Figure shows the difference (fold-change mean values ± SD versus untreated PC-9 parental cells; n = 4) in the three differentially expressed miRNAs (i.e., miR-21, miR-31, and miR-200c) between erlotinib-resistant PC-9/Erl-R tumor samples and erlotinib-responsive PC-9 tumor samples following oral treatment with silibinin for five weeks (left panel). Figure also shows the effects of oral treatment with silibinin in the expression of the mesenchymal markers SNAIL1, ZEB1, ZEB2, and N-cadherin (fold-change mean values ± SD versus untreated PC-9 parental cells; n = 4), which were found significantly overrepresented in erlotinib-refractory EGFR-mutant NSCLC xenografts (right panel).
Figure 4
Figure 4. Silibinin enhances the epithelial phenotype in PC-9 parental cells and reverses the mesenchymal phenotype in PC-9/Erl-R cells (I).

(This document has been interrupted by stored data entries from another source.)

lemma dist_Pair_le_add: "dist (a, b) (c, d) \<le> dist a c + dist b d"
  using sqrt_sum_squares_le_sum_abs[of "dist a c" "dist b d"] by (simp add: dist_Pair_Pair)

lemma first_category_in_subset: "first_category_in X B \<Longrightarrow> A \<subseteq> B \<Longrightarrow> first_category_in X A"
  unfolding first_category_in_def by blast

locale invertible_system =
  fixes X :: "'a::topological_space set" and T S :: "'a \<Rightarrow> 'a"
  assumes homeomorphism: "homeomorphism X X T S"
begin

definition return_times :: "'a set \<Rightarrow> 'a set \<Rightarrow> nat set" where
  "return_times P Q = {n. \<exists>x\<in>P. (T ^^ n) x \<in> Q}"

definition diagonal_orbit :: "'a set \<Rightarrow> ('a \<times> 'a) set" where
  "diagonal_orbit U = {((T ^^ m) u, (T ^^ (2 * m)) u) | u m. u \<in> U}"

lemma homeomorphism_funpow: "homeomorphism X X (T ^^ n) (S ^^ n)"
proof (induction n)
  case 0
  then show ?case
    using homeomorphism_ident by (simp add: id_def)
next
  case (Suc n)
  have "T ^^ Suc n = T \<circ> T ^^ n" "S ^^ Suc n = S ^^ n \<circ> S"
    by (simp, rule funpow_Suc_right)
  then show ?case
    using homeomorphism_compose[OF Suc homeomorphism] by (simp only:)
qed

lemma funpow_in: "x \<in> X \<Longrightarrow> (T ^^ n) x \<in> X"
  using homeomorphism_funpow[of n] unfolding homeomorphism_def by blast

lemma funpow_inverse_in: "x \<in> X \<Longrightarrow> (S ^^ n) x \<in> X"
  using homeomorphism_funpow[of n] unfolding homeomorphism_def by blast

lemma funpow_funpow_inverse: "x \<in> X \<Longrightarrow> (T ^^ n) ((S ^^ n) x) = x"
  using homeomorphism_funpow[of n] unfolding homeomorphism_def by blast

lemma funpow_inj: "x \<in> X \<Longrightarrow> y \<in> X \<Longrightarrow> (T ^^ n) x = (T ^^ n) y \<Longrightarrow> x = y"
  using homeomorphism_funpow[of n] unfolding homeomorphism_def by metis

lemma openin_preimage_funpow:
  assumes "openin (top_of_set X) W"
  shows "openin (top_of_set X) {x \<in> X. (T ^^ n) x \<in> W}"
proof -
  have "continuous_on X (T ^^ n)"
    using homeomorphism_funpow[of n] unfolding homeomorphism_def by blast
  then have "openin (top_of_set X) (X \<inter> (T ^^ n) -` W)"
    using continuous_openin_preimage[of X "T ^^ n" X W] funpow_in assms by blast
  moreover have "X \<inter> (T ^^ n) -` W = {x \<in> X. (T ^^ n) x \<in> W}"
    by blast
  ultimately show ?thesis
    by simp
qed

lemma preimage_funpow_nonempty:
  assumes "W \<subseteq> X" and "W \<noteq> {}"
  shows "{x \<in> X. (T ^^ n) x \<in> W} \<noteq> {}"
proof -
  obtain w where "w \<in> W"
    using assms(2) by blast
  then have "(S ^^ n) w \<in> {x \<in> X. (T ^^ n) x \<in> W}"
    using assms(1) funpow_inverse_in funpow_funpow_inverse by auto
  then show ?thesis
    by blast
qed

lemma diagonal_orbit_shift:
  assumes "i \<le> n" and "(T ^^ i) y \<in> U"
  shows "((T ^^ n) y, (T ^^ (2 * n)) y) \<in> map_prod id (T ^^ i) ` diagonal_orbit U"
proof -
  let ?u = "(T ^^ i) y"
  have "(T ^^ n) y = (T ^^ (n - i)) ?u"
    using assms(1) by (simp add: funpow_apply_add)
  moreover have "(T ^^ (2 * n)) y = (T ^^ i) ((T ^^ (2 * (n - i))) ?u)"
  proof -
    have "i + (2 * (n - i) + i) = 2 * n"
      using assms(1) by simp
    then show ?thesis
      by (simp only: funpow_apply_add)
  qed
  moreover have "((T ^^ (n - i)) ?u, (T ^^ (2 * (n - i))) ?u) \<in> diagonal_orbit U"
    using assms(2) unfolding diagonal_orbit_def by blast
  ultimately show ?thesis
    by (intro image_eqI[where x = "((T ^^ (n - i)) ?u, (T ^^ (2 * (n - i))) ?u)"]) simp_all
qed
end

locale weakly_mixing_system = invertible_system X T S
  for X :: "'a::metric_space set" and T S +
  assumes transitive_square: "transitive_sys (X \<times> X) (map_prod T T)"
begin

lemma return_times_Int_nonempty:
  assumes "openin (top_of_set X) P1" "openin (top_of_set X) Q1"
    and "openin (top_of_set X) P2" "openin (top_of_set X) Q2"
    and "P1 \<noteq> {}" "Q1 \<noteq> {}" "P2 \<noteq> {}" "Q2 \<noteq> {}"
  shows "return_times P1 Q1 \<inter> return_times P2 Q2 \<noteq> {}"
proof -
  have "openin (top_of_set (X \<times> X)) (P1 \<times> P2)" "openin (top_of_set (X \<times> X)) (Q1 \<times> Q2)"
    using assms(1-4) by (simp_all add: openin_Times)
  moreover have "P1 \<times> P2 \<noteq> {}" "Q1 \<times> Q2 \<noteq> {}"
    using assms(5-8) by simp_all
  ultimately have "\<exists>n. (map_prod T T ^^ n) ` (P1 \<times> P2) \<inter> (Q1 \<times> Q2) \<noteq> {}"
    using transitive_square unfolding transitive_sys_def by simp
  then obtain n where "(map_prod T T ^^ n) ` (P1 \<times> P2) \<inter> (Q1 \<times> Q2) \<noteq> {}" ..
  then obtain a b where "a \<in> P1" "b \<in> P2" "(T ^^ n) a \<in> Q1" "(T ^^ n) b \<in> Q2"
    by (auto simp: funpow_map_prod_apply)
  then have "n \<in> return_times P1 Q1" "n \<in> return_times P2 Q2"
    unfolding return_times_def by auto
  then show ?thesis
    by blast
qed

lemma return_times_thick:
  assumes "openin (top_of_set X) P" "openin (top_of_set X) Q" "P \<noteq> {}" "Q \<noteq> {}"
  shows "\<exists>m. {m..m + L} \<subseteq> return_times P Q"
  using assms
proof (induction L arbitrary: P Q)
  case 0
  then obtain n where "n \<in> return_times P Q"
    using return_times_Int_nonempty[of P Q P Q] by blast
  then show ?case
    by auto
next
  case (Suc L)
  define Q' where "Q' = {x \<in> X. T x \<in> Q}"
  have Q': "openin (top_of_set X) Q'" "Q' \<noteq> {}"
    using openin_preimage_funpow[of Q 1] preimage_funpow_nonempty[of Q 1]
      Suc.prems openin_imp_subset[OF Suc.prems(2)]
    by (simp_all add: Q'_def)
  obtain k where k: "k \<in> return_times P P" "k \<in> return_times Q Q'"
    using return_times_Int_nonempty[of P P Q Q'] Suc.prems Q' by blast
  define P2 where "P2 = P \<inter> {x \<in> X. (T ^^ k) x \<in> P}"
  define Q2 where "Q2 = Q \<inter> {x \<in> X. (T ^^ k) x \<in> Q'}"
  have "openin (top_of_set X) P2" "openin (top_of_set X) Q2"
    unfolding P2_def Q2_def using Suc.prems Q' openin_preimage_funpow by (simp_all add: openin_Int)
  moreover have "P2 \<noteq> {}" "Q2 \<noteq> {}"
    using k openin_imp_subset[OF Suc.prems(1)] openin_imp_subset[OF Suc.prems(2)]
    unfolding P2_def Q2_def return_times_def by blast+
  ultimately obtain m where m: "{m..m + L} \<subseteq> return_times P2 Q2"
    using Suc.IH by blast
  \<comment> \<open>if x \<in> P2 returns to Q2 at time n, then T^k x \<in> P returns to Q at time n + 1\<close>
  have step: "n \<in> return_times P Q \<and> Suc n \<in> return_times P Q"
    if n: "n \<in> return_times P2 Q2" for n
  proof -
    obtain x where x: "x \<in> P2" "(T ^^ n) x \<in> Q2"
      using n unfolding return_times_def by blast
    have "(T ^^ Suc n) ((T ^^ k) x) = T ((T ^^ k) ((T ^^ n) x))"
      by (simp add: funpow_apply_add funpow_swap1 add.commute)
    then have "(T ^^ Suc n) ((T ^^ k) x) \<in> Q"
      using x unfolding Q2_def Q'_def by simp
    then show ?thesis
      using x unfolding P2_def Q2_def return_times_def by blast
  qed
  have "{m..m + Suc L} \<subseteq> {m..m + L} \<union> Suc ` {m..m + L}"
    by auto
  then show ?case
    using m step by blast
qed

lemma shifted_diagonal_orbits_meet_rectangles:
  assumes hit: "\<And>z. z \<in> X \<Longrightarrow> \<exists>i\<le>M. (T ^^ i) z \<in> U"
    and W: "openin (top_of_set X) W1" "openin (top_of_set X) W2" "W1 \<noteq> {}" "W2 \<noteq> {}"
  shows "(\<Union>i\<le>M. map_prod id (T ^^ i) ` diagonal_orbit U) \<inter> (W1 \<times> W2) \<noteq> {}"
proof -
  have "openin (top_of_set X) {w \<in> X. (T ^^ M) w \<in> W2}" "{w \<in> X. (T ^^ M) w \<in> W2} \<noteq> {}"
    using openin_preimage_funpow[OF W(2)] preimage_funpow_nonempty[OF openin_imp_subset[OF W(2)] W(4)]
    by blast+
  then obtain m where "m \<in> return_times W1 {w \<in> X. (T ^^ M) w \<in> W2}"
    using return_times_Int_nonempty[OF W(1) _ W(1) _ W(3) _ W(3)] by blast
  then obtain z where z: "z \<in> W1" "(T ^^ (M + m)) z \<in> W2"
    unfolding return_times_def by (auto simp: funpow_apply_add)
  define n where "n = M + m"
  define y where "y = (S ^^ n) z"
  have "z \<in> X"
    using z(1) openin_imp_subset[OF W(1)] by blast
  then have y: "y \<in> X" "(T ^^ n) y = z"
    unfolding y_def using funpow_inverse_in funpow_funpow_inverse by blast+
  obtain i where i: "i \<le> M" "(T ^^ i) y \<in> U"
    using hit y(1) by blast
  have "i \<le> n"
    using i(1) n_def by simp
  then have shift: "((T ^^ n) y, (T ^^ (2 * n)) y) \<in> map_prod id (T ^^ i) ` diagonal_orbit U"
    using i(2) by (rule diagonal_orbit_shift)
  have "(T ^^ (2 * n)) y = (T ^^ n) z"
    using y(2) funpow_apply_add[of n T n y] by (simp add: mult_2)
  then have "((T ^^ n) y, (T ^^ (2 * n)) y) \<in> W1 \<times> W2"
    using z y(2) n_def by simp
  with shift have "((T ^^ n) y, (T ^^ (2 * n)) y)
      \<in> (\<Union>i\<le>M. map_prod id (T ^^ i) ` diagonal_orbit U) \<inter> (W1 \<times> W2)"
    using i(1) by (intro IntI UN_I[of i]) simp_all
  then show ?thesis
    by (rule ex_in_conv[THEN iffD1, OF exI])
qed

end

locale minimal_system = invertible_system X T S
  for X :: "'a::metric_space set" and T S +
  assumes compact: "compact X"
    and dense_orbit: "x \<in> X \<Longrightarrow> closure (orbit X T x) = X"
begin

lemma bounded_two_sided_hitting_time:
  assumes "openin (top_of_set X) Q" and "Q \<noteq> {}"
  obtains N where "\<And>z. z \<in> X \<Longrightarrow> \<exists>j<N. (T ^^ j) z \<in> Q \<or> z \<in> (T ^^ j) ` Q"
proof -
  define W where "W j = {z \<in> X. (T ^^ j) z \<in> Q} \<union> (T ^^ j) ` Q" for j
  have W_open: "openin (top_of_set X) (W j)" for j
    unfolding W_def using openin_preimage_funpow[OF assms(1)]
      homeomorphism_imp_open_map[OF homeomorphism_funpow assms(1)]
    by (rule openin_Un)
  have "X \<subseteq> \<Union>(range W)"
  proof
    fix z
    assume z: "z \<in> X"
    obtain H where H: "open H" "Q = X \<inter> H"
      using assms(1) openin_open by blast
    have "Q \<subseteq> closure (orbit X T z)"
      using dense_orbit[OF z] H(2) by blast
    then have "H \<inter> orbit X T z \<noteq> {}"
      using assms(2) H open_Int_closure_eq_empty[of H "orbit X T z"] by blast
    then obtain y j where "y \<in> Q" "(T ^^ j) z = y \<or> (T ^^ j) y = z"
      unfolding orbit_def H(2) by blast
    then have "z \<in> W j"
      unfolding W_def using z by blast
    then show "z \<in> \<Union>(range W)"
      by blast
  qed
  then obtain D where D: "D \<subseteq> range W" "finite D" "X \<subseteq> \<Union>D"
    using compact W_open unfolding compact_eq_openin_cover by (metis rangeE)
  then obtain C where "finite C" "D = W ` C"
    using finite_subset_image by metis
  then obtain N where "X \<subseteq> (\<Union>j<N. W j)"
    using D(3) finite_nat_bounded by (metis UN_mono order.trans subset_refl)
  then show ?thesis
    using that unfolding W_def by blast
qed

lemma bounded_hitting_time:
  assumes "openin (top_of_set X) Q" and "Q \<noteq> {}"
  obtains M where "\<And>z. z \<in> X \<Longrightarrow> \<exists>i\<le>M. (T ^^ i) z \<in> Q"
proof -
  obtain N where N: "\<And>z. z \<in> X \<Longrightarrow> \<exists>j<N. (T ^^ j) z \<in> Q \<or> z \<in> (T ^^ j) ` Q"
    using bounded_two_sided_hitting_time[OF assms] by blast
  \<comment> \<open>apply the two-sided bound to T^N z: a backward hit at time j is a forward hit at time N - j\<close>
  have "\<exists>i\<le>2 * N. (T ^^ i) z \<in> Q" if z: "z \<in> X" for z
  proof -
    obtain j where j: "j < N" "(T ^^ j) ((T ^^ N) z) \<in> Q \<or> (T ^^ N) z \<in> (T ^^ j) ` Q"
      using N funpow_in z by blast
    then consider "(T ^^ j) ((T ^^ N) z) \<in> Q" | q where "q \<in> Q" "(T ^^ N) z = (T ^^ j) q"
      by blast
    then show ?thesis
    proof cases
      case 1
      then show ?thesis
        using j(1) by (intro exI[of _ "j + N"]) (simp add: funpow_apply_add)
    next
      case (2 q)
      have "(T ^^ j) ((T ^^ (N - j)) z) = (T ^^ j) q"
        using 2(2) j(1) by (simp add: funpow_apply_add)
      moreover have "q \<in> X"
        using 2(1) openin_imp_subset[OF assms(1)] by blast
      ultimately have "(T ^^ (N - j)) z = q"
        using funpow_inj funpow_in z by blast
      then show ?thesis
        using 2(1) by (intro exI[of _ "N - j"]) simp
    qed
  qed
  then show ?thesis
    using that by blast
qed

lemma return_times_syndetic:
  assumes "openin (top_of_set X) Q" "Q \<noteq> {}" "P \<subseteq> X" "P \<noteq> {}"
  obtains L where "\<And>m. \<exists>k\<le>L. m + k \<in> return_times P Q"
proof -
  obtain M where M: "\<And>z. z \<in> X \<Longrightarrow> \<exists>i\<le>M. (T ^^ i) z \<in> Q"
    using bounded_hitting_time[OF assms(1,2)] by blast
  obtain x where x: "x \<in> P"
    using assms(4) by blast
  have "\<exists>k\<le>M. m + k \<in> return_times P Q" for m
  proof -
    obtain i where "i \<le> M" "(T ^^ i) ((T ^^ m) x) \<in> Q"
      using M funpow_in x assms(3) by blast
    then show ?thesis
      using x unfolding return_times_def by (auto simp: funpow_apply_add add.commute)
  qed
  then show ?thesis
    using that by blast
qed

PC-9 parental cells and erlotinib-resistant PC-9/Erl-R cells were cultured for 3 days in the absence or presence of 100 μg/mL of silibinin-meglumine. Top panels. After fixation and permeabilization, the subcellular distribution of F-actin, the epithelial marker E-cadherin, and of the mesenchymal-specific marker vimentin was assessed after staining with anti-F-actin, anti-E-cadherin, and anti-vimentin antibodies and Hoechst 33258 for nuclear counterstaining, as specified. Images show representative portions of the untreated- and silibinin meglumine-treated cells in montages of 4 × 4, which were captured in different channels for F-actin (red), E-cadherin (green), vimentin (green), and Hoechst 33258 (blue) with a 20× objective. Images were merged on a BD Pathway 855 Bioimager System with BD Attovision software.
Figure 5
Figure 5. Silibinin promotes mesenchymal to epithelial conversion of erlotinib-resistant PC-9/Erl-R cells.

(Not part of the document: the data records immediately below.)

(* Fix $p\in(0,1/2)$ and $\delta>0$. Let $D_0=D_0(p)$ and $K=K(p)$ be constants with the following property: for all integers $t\ge 2$, all $D\ge D_0$, with $d=D^2t^2$, and every $1\le r\le t$, \[ \mathbb{P}\big(H(r,d,p)\text{ is a clique}\big)\le p^{\binom{r}{2}}\exp\!\left(-\frac{a^3}{p^3\sqrt d}\binom{r}{3}+K\frac{r^3}{D\sqrt d}\right), \] \[ \mathbb{P}\big(H(r,d,p)\text{ is an independent set}\big)\le (1-p)^{\binom{r}{2}}\exp\!\left(\frac{a^3}{(1-p)^3\sqrt d}\binom{r}{3}+K\frac{r^3}{D\sqrt d}\right). \] Fix $D\ge D_0$, and for each $t\ge2$ set $d=D^2t^2$. Define \[ \kappa(p)=\frac{a^3}{6p^3},\qquad \lambda(p)=\frac{a^3}{6(1-p)^3},\qquad m=-\tfrac12\log p+\frac{\kappa(p)}{D}-\frac{K}{D^2}-\delta, \] and $M=\lfloor e^{mt}\rfloor$. Let $H=H(M,d,p)$. Then, as $t\to\infty$, $\mathbb{P}(H\text{ is }K_t\text{-free})=1-o(1)$, and if $v_1,\dots,v_t$ are i.i.d. uniform vertices of $[M]$ (with replacement), independent of $H$, \[ \mathbb{P}\big(\{v_1,\dots,v_t\}\text{ is independent in }H\big)\le \exp\big(-\alpha(p,D)t^2+o(t^2)\big), \] where \[ \alpha(p,D)=\min_{\theta\in[0,1]}\left((1-\theta)\Big(-\tfrac12\log p+\tfrac{\kappa(p)}{D}\Big)-\frac{\theta^2}{2}\log(1-p)-\frac{\lambda(p)}{D}\theta^3-(2-\theta)\frac{K}{D^2}\right)-\delta. \] Consequently $c_{t,t}\le \exp(-\alpha(p,D)t^2+o(t^2))$.
   Context: Spherical random geometric graph $H(M,d,p)$: for integers $M,d\ge1$ and $p\in(0,1/2)$, let $u_1,\dots,u_M$ be i.i.d. uniform points on the unit sphere $S^{d-1}\subset\mathbb{R}^d$, let $\tau=\tau(d,p)$ be the unique real number with $\mathbb{P}(\langle u,u'\rangle<\tau)=p$ for independent uniform $u,u'$ on $S^{d-1}$, and let $H(M,d,p)$ be the graph on vertex set $[M]$ with $ij$ an edge iff $\langle u_i,u_j\rangle<\tau$. "$H(r,d,p)$ is a clique" means all pairs among its $r$ vertices are edges; "independent set" means no pair is an edge. Let $c_p>0$ be defined by $\mathbb{P}(Z\le -c_p)=p$ for $Z\sim N(0,1)$, let $\varphi$ be the standard normal density and $a=\varphi(c_p)=e^{-c_p^2/2}/\sqrt{2\pi}$. For integers $s,t\ge1$, $c_{s,t}$ is the infimum over all finite $K_t$-free graphs $G$ of the probability that $s$ i.i.d. uniform vertices of $G$ (with replacement) form an independent set. A (multi)set $\{v_1,\dots,v_t\}$ is independent in $H$ if no two of the $v_i$ are adjacent. Logarithms are natural; $o(\cdot)$ is as $t\to\infty$ with $p,D,\delta,K$ fixed. *)

theory Defs
  imports "HOL-Probability.Probability" "HOL-Library.Landau_Symbols"
begin

definition RdM :: "nat \<Rightarrow> (nat \<Rightarrow> real) measure" where
  "RdM d = PiM {..<d} (\<lambda>_. lborel)"

definition vnorm :: "nat \<Rightarrow> (nat \<Rightarrow> real) \<Rightarrow> real" where
  "vnorm d x = sqrt (\<Sum>k<d. (x k)^2)"

definition ip :: "nat \<Rightarrow> (nat \<Rightarrow> real) \<Rightarrow> (nat \<Rightarrow> real) \<Rightarrow> real" where
  "ip d x y = (\<Sum>k<d. x k * y k)"

definition unit_ball :: "nat \<Rightarrow> (nat \<Rightarrow> real) set" where
  "unit_ball d = {x \<in> space (RdM d). vnorm d x \<le> 1}"

text \<open>Uniform (normalized surface) measure on S^{d-1}: the cone measure, i.e. the
  push-forward of the normalized Lebesgue measure on the unit ball under x / |x|.\<close>
definition sphere_measure :: "nat \<Rightarrow> (nat \<Rightarrow> real) measure" where
  "sphere_measure d = distr (uniform_measure (RdM d) (unit_ball d)) (RdM d)
      (\<lambda>x. \<lambda>k\<in>{..<d}. x k / vnorm d x)"

definition tau :: "nat \<Rightarrow> real \<Rightarrow> real" where
  "tau d p = (THE \<tau>. measure (sphere_measure d \<Otimes>\<^sub>M sphere_measure d)
      {z \<in> space (sphere_measure d \<Otimes>\<^sub>M sphere_measure d). ip d (fst z) (snd z) < \<tau>} = p)"

definition points_measure :: "nat \<Rightarrow> nat \<Rightarrow> (nat \<Rightarrow> nat \<Rightarrow> real) measure" where
  "points_measure M d = PiM {..<M} (\<lambda>_. sphere_measure d)"

definition adj :: "nat \<Rightarrow> real \<Rightarrow> (nat \<Rightarrow> nat \<Rightarrow> real) \<Rightarrow> nat \<Rightarrow> nat \<Rightarrow> bool" where
  "adj d p U i j \<longleftrightarrow> i \<noteq> j \<and> ip d (U i) (U j) < tau d p"

definition prob_clique :: "nat \<Rightarrow> nat \<Rightarrow> real \<Rightarrow> real" where
  "prob_clique r d p = measure (points_measure r d)
     {U \<in> space (points_measure r d). \<forall>i<r. \<forall>j<r. i \<noteq> j \<longrightarrow> adj d p U i j}"

definition prob_indep :: "nat \<Rightarrow> nat \<Rightarrow> real \<Rightarrow> real" where
  "prob_indep r d p = measure (points_measure r d)
     {U \<in> space (points_measure r d). \<forall>i<r. \<forall>j<r. \<not> adj d p U i j}"

definition Kt_free :: "nat \<Rightarrow> nat \<Rightarrow> real \<Rightarrow> nat \<Rightarrow> (nat \<Rightarrow> nat \<Rightarrow> real) \<Rightarrow> bool" where
  "Kt_free M d p t U \<longleftrightarrow>
     \<not> (\<exists>S \<subseteq> {..<M}. card S = t \<and> (\<forall>i\<in>S. \<forall>j\<in>S. i \<noteq> j \<longrightarrow> adj d p U i j))"

definition prob_Kt_free :: "nat \<Rightarrow> nat \<Rightarrow> real \<Rightarrow> nat \<Rightarrow> real" where
  "prob_Kt_free M d p t = measure (points_measure M d)
     {U \<in> space (points_measure M d). Kt_free M d p t U}"

definition vertices_measure :: "nat \<Rightarrow> nat \<Rightarrow> (nat \<Rightarrow> nat) measure" where
  "vertices_measure M t = PiM {..<t} (\<lambda>_. uniform_measure (count_space {..<M}) {..<M})"

definition prob_indep_tuple :: "nat \<Rightarrow> nat \<Rightarrow> real \<Rightarrow> nat \<Rightarrow> real" where
  "prob_indep_tuple M d p t =
     measure (points_measure M d \<Otimes>\<^sub>M vertices_measure M t)
       {z \<in> space (points_measure M d \<Otimes>\<^sub>M vertices_measure M t).
          \<forall>i<t. \<forall>j<t. \<not> adj d p (fst z) (snd z i) (snd z j)}"

definition cp_const :: "real \<Rightarrow> real" where
  "cp_const p = (THE c. c > 0 \<and> measure (density lborel std_normal_density) {..-c} = p)"

definition a_p :: "real \<Rightarrow> real" where
  "a_p p = exp (- ((cp_const p) ^ 2) / 2) / sqrt (2 * pi)"

definition finite_graph :: "nat \<Rightarrow> (nat \<Rightarrow> nat \<Rightarrow> bool) \<Rightarrow> bool" where
  "finite_graph n E \<longleftrightarrow> n \<ge> 1 \<and> (\<forall>i j. E i j \<longrightarrow> i < n \<and> j < n)
      \<and> (\<forall>i j. E i j \<longrightarrow> E j i) \<and> (\<forall>i. \<not> E i i)"

definition graph_Kt_free :: "nat \<Rightarrow> (nat \<Rightarrow> nat \<Rightarrow> bool) \<Rightarrow> nat \<Rightarrow> bool" where
  "graph_Kt_free n E t \<longleftrightarrow>
     \<not> (\<exists>S \<subseteq> {..<n}. card S = t \<and> (\<forall>i\<in>S. \<forall>j\<in>S. i \<noteq> j \<longrightarrow> E i j))"

definition graph_indep_prob :: "nat \<Rightarrow> (nat \<Rightarrow> nat \<Rightarrow> bool) \<Rightarrow> nat \<Rightarrow> real" where
  "graph_indep_prob n E s =
     real (card {v \<in> {..<s} \<rightarrow>\<^sub>E {..<n}. \<forall>i<s. \<forall>j<s. \<not> E (v i) (v j)}) / real n ^ s"

definition c_st :: "nat \<Rightarrow> nat \<Rightarrow> real" where
  "c_st s t = Inf {graph_indep_prob n E s | n E. finite_graph n E \<and> graph_Kt_free n E t}"

end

Top panels. Erlotinib-resistant PC-9/Erl-R cells were cultured for 3 days in the absence or presence of 100 μg/mL of silibinin. Top panels. After fixation and permeabilization, the subcellular distribution of F-actin, the epithelial marker E-cadherin, and of the mesenchymal-specific marker vimentin was assessed after staining with anti-F-actin, anti-E-cadherin, and anti-vimentin antibodies and Hoechst 33258 for nuclear counterstaining, as specified. Images show representative portions of the untreated- and silibinin meglumine-treated cells, which were captured in different channels for F-actin (red), E-cadherin (green), vimentin (green), and Hoechst 33258 (blue) with a 20× objective. Images were merged on a BD Pathway 855 Bioimager System with BD Attovision software. Bottom panels. Figure shows representative microphotographs of wound healing assays 0, 24, and 48 h after incisions of confluent PC-9/ErL-R cells cultured in the absence or presence of silibinin (100 μg/mL).
Figure 6
Figure 6. Water-soluble silibinin: A new strategy for targeted in vivo control of molecules that regulate the acquisition of an EGFR TKI-refractory mesenchymal-like phenotype in EGFR mutant-NSCLC cells.